[Day 6] Securing MongoDB

#ubuntu #mongodb

Hello guys!

After installing MongoDB on my machine, it's time to secure access to databases.

Change default port

In file /etc/mongod.conf in section net I changed value of port from default 27017 to 5652:

...
net:
  port: 5652
...

and restarted service with the command sudo systemctl restart mongod.

Create a user with administrative rights

After I changed default port when I want to access MongoDB in console, I have to provide new port:

mongo --port 5652

After successful access, it's time to create a new user with administrative rights:

use admin

db.createUser(
    {
        user: "JohnDoe",
        password: passwordPrompt(),
        roles: [ { role: "userAdminAnyDatabase", db: "admin" }, "readWriteAnyDatabase" ]
    }
)

After confirmation, I need to pass a new password for the user, all thanks to passwordPrompt. To be sure I can access MongoDB via new user, I exit and log in again with the expended command:

mongo --port 5652 -u JohnDoe -p --authenticationDatabase admin

and type in the password.

Enforcing login credentials

Once again I'm heading into /etc/mongod.conf file, where I should change security section:

...
security:
  authorization: "enabled"
...

and restarted once again service with the command sudo systemctl restart mongod.

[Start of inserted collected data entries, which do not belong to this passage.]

definition homology_nonzero :: "(int \<Rightarrow> 'a::ab_group_add set) \<Rightarrow> ('a \<Rightarrow> 'a) \<Rightarrow> int \<Rightarrow> bool" where
  "homology_nonzero G d i \<longleftrightarrow> (\<exists>x\<in>G i. d x = 0 \<and> x \<notin> d ` G (i + 1))"

definition hsup :: "(int \<Rightarrow> 'a::ab_group_add set) \<Rightarrow> ('a \<Rightarrow> 'a) \<Rightarrow> ereal" where
  "hsup G d = Sup ((\<lambda>i. ereal (real_of_int i)) ` {i. homology_nonzero G d i})"

definition hinf :: "(int \<Rightarrow> 'a::ab_group_add set) \<Rightarrow> ('a \<Rightarrow> 'a) \<Rightarrow> ereal" where
  "hinf G d = Inf ((\<lambda>i. ereal (real_of_int i)) ` {i. homology_nonzero G d i})"

definition hamp :: "(int \<Rightarrow> 'a::ab_group_add set) \<Rightarrow> ('a \<Rightarrow> 'a) \<Rightarrow> ereal" where
  "hamp G d = hsup G d - hinf G d"

text \<open>Semibasis: a set of homogeneous elements forming a basis of the underlying graded
module over the underlying graded algebra (the whole type 'a).\<close>
definition semibasis ::
  "(int \<Rightarrow> 'm::ab_group_add set) \<Rightarrow> ('a::{ring, monoid_mult} \<Rightarrow> 'm \<Rightarrow> 'm) \<Rightarrow> 'm set \<Rightarrow> bool" where
  "semibasis GL sm B \<longleftrightarrow>
     (\<forall>b\<in>B. \<exists>i. b \<in> GL i) \<and>
     (\<forall>x. \<exists>c. finite {b\<in>B. c b \<noteq> 0} \<and> x = (\<Sum>b\<in>{b\<in>B. c b \<noteq> 0}. sm (c b) b)) \<and>
     (\<forall>c. finite {b\<in>B. c b \<noteq> 0} \<and> (\<Sum>b\<in>{b\<in>B. c b \<noteq> 0}. sm (c b) b) = 0 \<longrightarrow>
          (\<forall>b\<in>B. c b = 0))"

definition bounded_below :: "(int \<Rightarrow> 'm::zero set) \<Rightarrow> bool" where
  "bounded_below G \<longleftrightarrow> (\<exists>N. \<forall>i<N. G i = {0})"

definition semifree_with_basis ::
  "(int \<Rightarrow> 'a::{ring, monoid_mult} set) \<Rightarrow> ('a \<Rightarrow> 'a) \<Rightarrow>
   (int \<Rightarrow> 'm::ab_group_add set) \<Rightarrow> ('m \<Rightarrow> 'm) \<Rightarrow> ('a \<Rightarrow> 'm \<Rightarrow> 'm) \<Rightarrow> 'm set \<Rightarrow> bool" where
  "semifree_with_basis GA dA GL dL sm B \<longleftrightarrow>
     dg_module GA dA GL dL sm \<and> bounded_below GL \<and> semibasis GL sm B"

end

theory Submission
  imports Defs
begin

text \<open>
  Let F_j be the submodule of L spanned by the basis elements of degree at most j. Since A is
  positively graded, a homogeneous element of L of degree i lies in F_i; so L vanishes below the
  lowest basis degree, and d maps a basis element b into F_(deg b - 1).

  By induction on j, a cycle z of degree i in F_j is a boundary as soon as H(A) vanishes in all
  degrees >= i - j: modulo F_(j-1), z is a sum of terms a_b b with deg b = j; freeness of the basis
  forces d a_b = 0, and writing a_b = d e_b the cycle z - d(sum e_b b) lies in F_(j-1).

  Finally inf H(A) = 0: were 1 = d e a boundary, multiplication by e would contract A. Hence H(A)
  vanishes above s = sup H(A), and every cycle of L of degree > s + n + m is a boundary.
\<close>

section \<open>Graded groups\<close>

lemma graded_group_zero: "graded_group G \<Longrightarrow> 0 \<in> G i"
  unfolding graded_group_def by blast

lemma graded_group_add: "graded_group G \<Longrightarrow> x \<in> G i \<Longrightarrow> y \<in> G i \<Longrightarrow> x + y \<in> G i"
  unfolding graded_group_def by blast

lemma graded_group_uminus: "graded_group G \<Longrightarrow> x \<in> G i \<Longrightarrow> - x \<in> G i"
  unfolding graded_group_def by blast

lemma graded_group_diff: "graded_group G \<Longrightarrow> x \<in> G i \<Longrightarrow> y \<in> G i \<Longrightarrow> x - y \<in> G i"
  by (metis diff_conv_add_uminus graded_group_add graded_group_uminus)

lemma graded_group_sum:
  assumes "graded_group G" "\<forall>t\<in>T. y t \<in> G i"
  shows "sum y T \<in> G i"
  using assms(2)
  by (induction T rule: infinite_finite_induct)
    (auto intro: graded_group_add graded_group_zero assms(1))

lemma graded_group_decomposition_fun:
  assumes "graded_group G"
  obtains I f where "\<And>x. finite (I x)" "\<And>x k. k \<in> I x \<Longrightarrow> f x k \<in> G k" "\<And>x. x = sum (f x) (I x)"
proof -
  have "\<forall>x. \<exists>I f. finite I \<and> (\<forall>k\<in>I. f k \<in> G k) \<and> x = sum f I"
    using assms unfolding graded_group_def by blast
  then obtain I where "\<forall>x. \<exists>f. finite (I x) \<and> (\<forall>k\<in>I x. f k \<in> G k) \<and> x = sum f (I x)"
    by (metis choice)
  then obtain f where "\<forall>x. finite (I x) \<and> (\<forall>k\<in>I x. f x k \<in> G k) \<and> x = sum (f x) (I x)"
    by (metis choice)
  then show ?thesis using that by blast
qed

lemma graded_group_independent:
  assumes "graded_group G" "finite I" "\<forall>i\<in>I. f i \<in> G i" "sum f I = 0" "i \<in> I"
  shows "f i = 0"
proof -
  have "\<forall>I f. finite I \<and> (\<forall>i\<in>I. f i \<in> G i) \<and> sum f I = 0 \<longrightarrow> (\<forall>i\<in>I. f i = 0)"
    using assms(1) unfolding graded_group_def by (elim conjE) assumption
  then show ?thesis using assms(2-5) by blast
qed

lemma graded_group_decomposition_unique:
  assumes gg: "graded_group G" and K: "finite K" "\<forall>k\<in>K. g k \<in> G k" "\<forall>k\<in>K. h k \<in> G k"
    and eq: "sum g K = sum h K" and k: "k \<in> K"
  shows "g k = h k"
proof -
  have "sum (\<lambda>k. g k - h k) K = 0" using eq by (simp add: sum_subtractf)
  moreover have "\<forall>k\<in>K. g k - h k \<in> G k" using K(2,3) by (auto intro: graded_group_diff gg)
  ultimately have "g k - h k = 0" using graded_group_independent[OF gg K(1), of "\<lambda>k. g k - h k"] k by blast
  then show ?thesis by simp
qed

lemma graded_group_component:
  assumes gg: "graded_group G" and T: "finite T" "\<forall>t\<in>T. y t \<in> G (e t)"
    and x: "x \<in> G i" "x = sum y T"
  shows "sum y {t\<in>T. e t = i} = x"
proof -
  define K where "K = insert i (e ` T)"
  define g where "g k = sum y {t\<in>T. e t = k}" for k
  have K: "finite K" "i \<in> K" "e ` T \<subseteq> K" using T(1) by (auto simp: K_def)
  have gK: "\<forall>k\<in>K. g k \<in> G k" unfolding g_def using T(2) by (auto intro: graded_group_sum gg)
  have xK: "\<forall>k\<in>K. (if k = i then x else 0) \<in> G k" using x(1) by (auto intro: graded_group_zero gg)
  have "sum g K = sum y T" unfolding g_def using T(1) K(1,3) by (rule sum.group)
  also have "\<dots> = sum (\<lambda>k. if k = i then x else 0) K" using x(2) K(1,2) by simp
  finally have "g i = x" using graded_group_decomposition_unique[OF gg K(1) gK xK _ K(2)] by simp
  then show ?thesis by (simp add: g_def)
qed

section \<open>Bounds on homology\<close>

definition acyclic_from :: "(int \<Rightarrow> 'a::ab_group_add set) \<Rightarrow> ('a \<Rightarrow> 'a) \<Rightarrow> int \<Rightarrow> bool" where
  "acyclic_from G d k \<longleftrightarrow> (\<forall>i\<ge>k. \<not> homology_nonzero G d i)"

From now accessing MongoDB with authorization won't trigger any alert or access denial, but after typing in show dbs nothing will be returned. If I want to see databases, I have to authorize myself the same way after I check if my new account does work.

That was a pretty long process to secure databases. At this moment, I don't want to allow any external access to MongoDB, so it is hidden behind the firewall.